Bisnis.com, JAKARTA— Pelaku usaha menilai insentif Devisa Hasil Ekspor yang diberikan pemerintah belum terlalu menarik bagi pelaku usaha, lantaran masalah pokok penempatan dana di Indonesia seperti biaya transaksi, pajak atau pungutan atas dana masih belum kompetitif dibanding negara alternatif.
Kadin Bidang Hubungan Internasional Shinta W. Kamdani menilai dari insentif DHE yang ditekankan bukan pengkondisian agar lebih mudah, murah dan efisien untuk menempatkan dana hasil ekspor. Justru, menurutnya, malah seperti paksaan untuk menempatkan dana di Indonesia.
Shinta mengatakan penempatan DHE dikaitkan dengan restitusi pajak, kelancaran clearance barang ekspor impor di perbatasan. Pasalnya, seharusnya hal tersebut seharusnya menjadi hak pelaku usaha begitu memenuhi persyaratan clearance barang atau persyaratan restitusi.
“Jadi, meskipun ada peningkatan aliran DHE di Indonesia, untuk pelaku usaha ini bukan insentif yang menciptakan efisiensi yang lebih tinggi tapi lebih menjadi beban terhadap penciptaan efisiensi dan kelancaran kegiatan usaha,” jelasnya kepada Bisnis, dikutip Senin (20/1/2020).
Dia khawatir hal tersebut justru akan menjadi bebean bagi industri yang berorientasi ekspor, khusunya yang intensitas ekspor-impor yang lebih tinggi.
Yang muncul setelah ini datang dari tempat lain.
lemma card_eq_mult_card_representatives:
  fixes S reps :: "('a::{finite,field}^'n) set"
  assumes S_scale: "\<And>v t. v \<in> S \<Longrightarrow> t \<noteq> 0 \<Longrightarrow> t *s v \<in> S" and "0 \<notin> S"
    and reps: "reps \<subseteq> S"
    and unique: "\<And>v. v \<in> S \<Longrightarrow> card {c \<in> reps. \<exists>t. t \<noteq> 0 \<and> c = t *s v} = 1"
    and P: "\<And>v t. t \<noteq> 0 \<Longrightarrow> P (t *s v) \<longleftrightarrow> P v"
  shows "card {v\<in>S. P v} = (CARD('a) - 1) * card {c\<in>reps. P c}"
proof -
  let ?R = "\<lambda>c v. \<exists>t. t \<noteq> 0 \<and> c = t *s v"
  let ?S = "{v\<in>S. P v}" and ?C = "{c\<in>reps. P c}"
  have orbit: "card {v\<in>?S. ?R c v} = CARD('a) - 1" if c: "c \<in> ?C" for c
  proof -
    have "c \<in> S" "P c" "c \<noteq> 0" using c reps \<open>0 \<notin> S\<close> by auto
    have "{v\<in>?S. ?R c v} = (\<lambda>s. s *s c) ` (UNIV - {0})"
    proof (intro equalityI subsetI)
      fix v assume "v \<in> {v\<in>?S. ?R c v}"
      then obtain t where "t \<noteq> 0" "c = t *s v" by blast
      then have "v = inverse t *s c" "inverse t \<noteq> 0" by simp_all
      then show "v \<in> (\<lambda>s. s *s c) ` (UNIV - {0})" by blast
    next
      fix v assume "v \<in> (\<lambda>s. s *s c) ` (UNIV - {0})"
      then obtain s where s: "s \<noteq> 0" "v = s *s c" by blast
      then have "?R c v" using s(1) by (intro exI[of _ "inverse s"]) simp
      moreover have "v \<in> S" "P v" using s S_scale P \<open>c \<in> S\<close> \<open>P c\<close> by auto
      ultimately show "v \<in> {v\<in>?S. ?R c v}" by blast
    qed
    moreover have "inj_on (\<lambda>s. s *s c) (UNIV - {0})"
      using \<open>c \<noteq> 0\<close> by (auto simp: inj_on_def)
    ultimately show ?thesis by (simp add: card_image card_Diff_singleton)
  qed
  have "(\<Sum>c\<in>?C. card {v\<in>?S. ?R c v}) = 1 * card ?S"
  proof (rule sum_multicount)
    show "\<forall>v\<in>?S. card {c\<in>?C. ?R c v} = 1"
    proof
      fix v assume v: "v \<in> ?S"
      then have "{c\<in>?C. ?R c v} = {c\<in>reps. ?R c v}" using P by auto
      then show "card {c\<in>?C. ?R c v} = 1" using unique v by simp
    qed
  qed auto
  then show ?thesis using orbit by (simp add: mult.commute)
qed

lemma card_sunflower_diff:
  fixes U :: "nat \<Rightarrow> 'b set"
  assumes fin: "\<And>i. i \<le> h \<Longrightarrow> finite (U i)"
    and kernel: "\<And>i. i \<in> {1..h} \<Longrightarrow> U 0 \<subseteq> U i"
    and petals: "\<And>i j. i \<in> {1..h} \<Longrightarrow> j \<in> {1..h} \<Longrightarrow> i \<noteq> j \<Longrightarrow> U i \<inter> U j = U 0"
    and "1 \<le> h"
  shows "int (card ((\<Union>i\<in>{1..h}. U i) - X)) =
           int (card (U 0 - X)) + (\<Sum>i=1..h. int (card (U i - X)) - int (card (U 0 - X)))"
proof -
  have "(\<Union>i\<in>{1..h}. U i) - X = (U 0 - X) \<union> (\<Union>i\<in>{1..h}. U i - U 0 - X)"
    using kernel[of 1] \<open>1 \<le> h\<close> by force
  also have "card \<dots> = card (U 0 - X) + card (\<Union>i\<in>{1..h}. U i - U 0 - X)"
    by (rule card_Un_disjoint) (use fin in auto)
  also have "card (\<Union>i\<in>{1..h}. U i - U 0 - X) = (\<Sum>i=1..h. card (U i - U 0 - X))"
  proof (rule card_UN_disjoint)
    show "\<forall>i\<in>{1..h}. \<forall>j\<in>{1..h}. i \<noteq> j \<longrightarrow> (U i - U 0 - X) \<inter> (U j - U 0 - X) = {}"
      using petals by blast
  qed (use fin in auto)
  finally have "int (card ((\<Union>i\<in>{1..h}. U i) - X)) =
      int (card (U 0 - X)) + (\<Sum>i=1..h. int (card (U i - U 0 - X)))"
    by simp
  moreover have "int (card (U i - U 0 - X)) = int (card (U i - X)) - int (card (U 0 - X))"
    if "i \<in> {1..h}" for i
  proof -
    have "U 0 - X \<subseteq> U i - X" "U i - U 0 - X = (U i - X) - (U 0 - X)"
      using kernel[OF that] by auto
    then show ?thesis using fin that by (simp add: card_Diff_subset card_mono finite_subset)
  qed
  ultimately show ?thesis by simp
qed

section \<open>Linear codes given by their columns\<close>

definition codeword_weight :: "('a::field^'n) list \<Rightarrow> 'a^'n \<Rightarrow> nat" where
  "codeword_weight cols x = card {c \<in> set cols. scalar_product x c \<noteq> 0}"

lemma gen_code_eq_range: "gen_code cols = range (\<lambda>x. map (scalar_product x) cols)"
  unfolding gen_code_def by auto

lemma hweight_codeword:
  assumes "distinct cols"
  shows "hweight (map (scalar_product x) cols) = codeword_weight cols x"
proof -
  have "hweight (map (scalar_product x) cols) = length (filter (\<lambda>c. scalar_product x c \<noteq> 0) cols)"
    unfolding hweight_def by (simp add: filter_map o_def)
  also have "\<dots> = codeword_weight cols x"
    unfolding codeword_weight_def using distinct_card[OF distinct_filter[OF assms]] by simp
  finally show ?thesis .
qed

lemma card_gen_code:
  fixes cols :: "('a::{finite,field}^'n) list"
  assumes "\<And>x. x \<noteq> 0 \<Longrightarrow> 0 < codeword_weight cols x"
  shows "card (gen_code cols) = CARD('a) ^ CARD('n)"
proof -
  have "inj (\<lambda>x. map (scalar_product x) cols)"
  proof
    fix x y assume "map (scalar_product x) cols = map (scalar_product y) cols"
    then have "codeword_weight cols (x - y) = 0"
      unfolding codeword_weight_def by (simp add: scalar_product_diff_left)
    then show "x = y" using assms[of "x - y"] by auto
  qed
  then show ?thesis unfolding gen_code_eq_range by (simp add: card_image)
qed

lemma min_dist_gen_code_eqI:
  fixes cols :: "('a::{finite,field}^'n) list"
  assumes "distinct cols" and x0: "codeword_weight cols x0 = d" and "0 < d"
    and lower: "\<And>x. x \<noteq> 0 \<Longrightarrow> d \<le> codeword_weight cols x"
  shows "min_dist (gen_code cols) = d"
proof -
  let ?cw = "\<lambda>x. map (scalar_product x) cols"
  have weight: "hweight (?cw x) = codeword_weight cols x" for x
    by (rule hweight_codeword[OF assms(1)])
  have nonzero: "(\<exists>a\<in>set (?cw x). a \<noteq> 0) \<longleftrightarrow> 0 < codeword_weight cols x" for x
    by (auto simp: codeword_weight_def card_gt_0_iff)
  have "{hweight c | c. c \<in> gen_code cols \<and> (\<exists>a\<in>set c. a \<noteq> 0)} =
        {codeword_weight cols x | x. 0 < codeword_weight cols x}"
  proof (intro equalityI subsetI)
    fix w assume "w \<in> {hweight c | c. c \<in> gen_code cols \<and> (\<exists>a\<in>set c. a \<noteq> 0)}"
    then obtain x where "w = hweight (?cw x)" "\<exists>a\<in>set (?cw x). a \<noteq> 0"
      unfolding gen_code_eq_range by blast
    then show "w \<in> {codeword_weight cols x | x. 0 < codeword_weight cols x}"
      unfolding weight nonzero by blast
  next
    fix w assume "w \<in> {codeword_weight cols x | x. 0 < codeword_weight cols x}"
    then obtain x where "w = hweight (?cw x)" "\<exists>a\<in>set (?cw x). a \<noteq> 0"
      unfolding weight nonzero by blast
    then show "w \<in> {hweight c | c. c \<in> gen_code cols \<and> (\<exists>a\<in>set c. a \<noteq> 0)}"
      unfolding gen_code_eq_range by blast
  qed
  moreover have "Min {codeword_weight cols x | x. 0 < codeword_weight cols x} = d"
  proof (rule Min_eqI)
    show "finite {codeword_weight cols x | x. 0 < codeword_weight cols x}" by simp
    show "d \<in> {codeword_weight cols x | x. 0 < codeword_weight cols x}" using x0 \<open>0 < d\<close> by blast
    fix w assume "w \<in> {codeword_weight cols x | x. 0 < codeword_weight cols x}"
    then obtain x where w: "w = codeword_weight cols x" "0 < w" by blast
    then have "x \<noteq> 0" by (auto simp: codeword_weight_def)
    then show "d \<le> w" using lower w by simp
  qed
  ultimately show ?thesis unfolding min_dist_def by simp
qed

section \<open>The code of the complement of a sunflower of subspaces\<close>

locale sunflower_complement_code =
  fixes Us :: "nat \<Rightarrow> ('a::{finite,field}^'n) set" and u :: "nat \<Rightarrow> nat" and h :: nat
    and cols :: "('a^'n) list"
  assumes subspace: "\<And>i. i \<le> h \<Longrightarrow> vec.subspace (Us i)"
    and dim: "\<And>i. i \<le> h \<Longrightarrow> vec.dim (Us i) = u i"
    and kernel: "\<And>i. i \<in> {1..h} \<Longrightarrow> Us 0 \<subseteq> Us i"
    and petals: "\<And>i j. i \<in> {1..h} \<Longrightarrow> j \<in> {1..h} \<Longrightarrow> i \<noteq> j \<Longrightarrow> Us i \<inter> Us j = Us 0"
    and h_pos: "1 \<le> h"
    and cols_distinct: "distinct cols"
    and cols_subset: "set cols \<subseteq> {v. v \<noteq> 0 \<and> v \<notin> (\<Union>i\<in>{1..h}. Us i)}"
    and cols_rep: "\<And>v. v \<noteq> 0 \<and> v \<notin> (\<Union>i\<in>{1..h}. Us i) \<Longrightarrow>
                     card {c \<in> set cols. \<exists>t. t \<noteq> 0 \<and> c = t *s v} = 1"
begin

abbreviation U_union :: "('a^'n) set" where
  "U_union \<equiv> \<Union>i\<in>{1..h}. Us i"

lemma zero_in_U_union: "0 \<in> U_union"
  using vec.subspace_0[OF subspace[of 1]] h_pos by auto

lemma card_outside_U_union_eq_mult_card_cols:
  assumes "\<And>v t. t \<noteq> 0 \<Longrightarrow> P (t *s v) \<longleftrightarrow> P v"
  shows "card {v \<in> - U_union. P v} = (CARD('a) - 1) * card {c \<in> set cols. P c}"
proof (rule card_eq_mult_card_representatives)
  show "t *s v \<in> - U_union" if "v \<in> - U_union" "t \<noteq> 0" for v and t :: 'a
  proof
    assume "t *s v \<in> U_union"
    then obtain i where i: "i \<in> {1..h}" "t *s v \<in> Us i" by blast
    moreover have "vec.subspace (Us i)" using i subspace by simp
    ultimately have "inverse t *s (t *s v) \<in> Us i" using vec.subspace_scale by blast
    then show False using that i by auto
  qed
  show "0 \<notin> - U_union" using zero_in_U_union by simp
  show "set cols \<subseteq> - U_union" using cols_subset by auto
  show "card {c \<in> set cols. \<exists>t. t \<noteq> 0 \<and> c = t *s v} = 1" if "v \<in> - U_union" for v
  proof (rule cols_rep)
    show "v \<noteq> 0 \<and> v \<notin> U_union" using that zero_in_U_union by auto
  qed
qed (use assms in simp)

lemma card_U_union_diff:
  "int (card (U_union - X)) =
     int (card (Us 0 - X)) + (\<Sum>i=1..h. int (card (Us i - X)) - int (card (Us 0 - X)))"
  by (rule card_sunflower_diff) (use kernel petals h_pos in auto)

lemma card_U_union:
  "int (card U_union) = int CARD('a) ^ u 0 + (\<Sum>i=1..h. int CARD('a) ^ u i - int CARD('a) ^ u 0)"
proof -
  have "int (card (Us i)) = int CARD('a) ^ u i" if "i \<le> h" for i
    using card_subspace[OF subspace[OF that]] dim[OF that] by simp
  then show ?thesis using card_U_union_diff[of "{}"] by simp
qed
Kendati begitu, hal tersebut perlu dilihat dari jenis eksportir. Ada eksportir yang tidak menaruh hasil ekspornya di Indonesia dengan alas ada flow transaksi internasional yang tinggi. Sehingga, akan lebih efisien bila hasil ekspor ada di Negara lain seperti Singapura dengan biaya transaksi internasional dan pungutan pajak atas dana lebih rendah.
“Ini khususnya terjadi pada eksportir manufaktur yang memerlukan input produksi impor untuk ekspor, sehingga mereka lebih sulit menempatkan devisa di Indonesia selama faktor efisiensi biaya penempatan dana tidak dibenahi,” katanya.
Sementara bedanya dengan eksportir barang mentah seperti produk tambahng, crude palm oil (CPO), pertanian, perikanan, perkebunan yang memang tidak peru banyak transaksi luar negeri lantaran produksinya sebagian besar lokal. Dia mengatakan mereka biasanya lebih mudah diminta untuk menempatkan devisa ekspor di Indonesia.
“ Namun, biasanya tidak didiamkan di sistem perbankan tetapi dimasukkan ke instrumen investasi agar pertumbuhan dananya lebih besar dari pungutan atas dananya,” katanya.
Untuk itu, dia berharap pemerintah mengevalusi aspek-aspek biaya dan membuat perubahan terhadap regulasi yang menyebabkan Indonesia tidak kompetitif dibandingkan dengan negara lain. “Bila masalah comparative advantage ini bisa dibenahi, dengan sendirinya pelaku usaha akan menempatkan DHE di Indonesia tanpa perlu insentif, ancaman saksi,” jelasnya.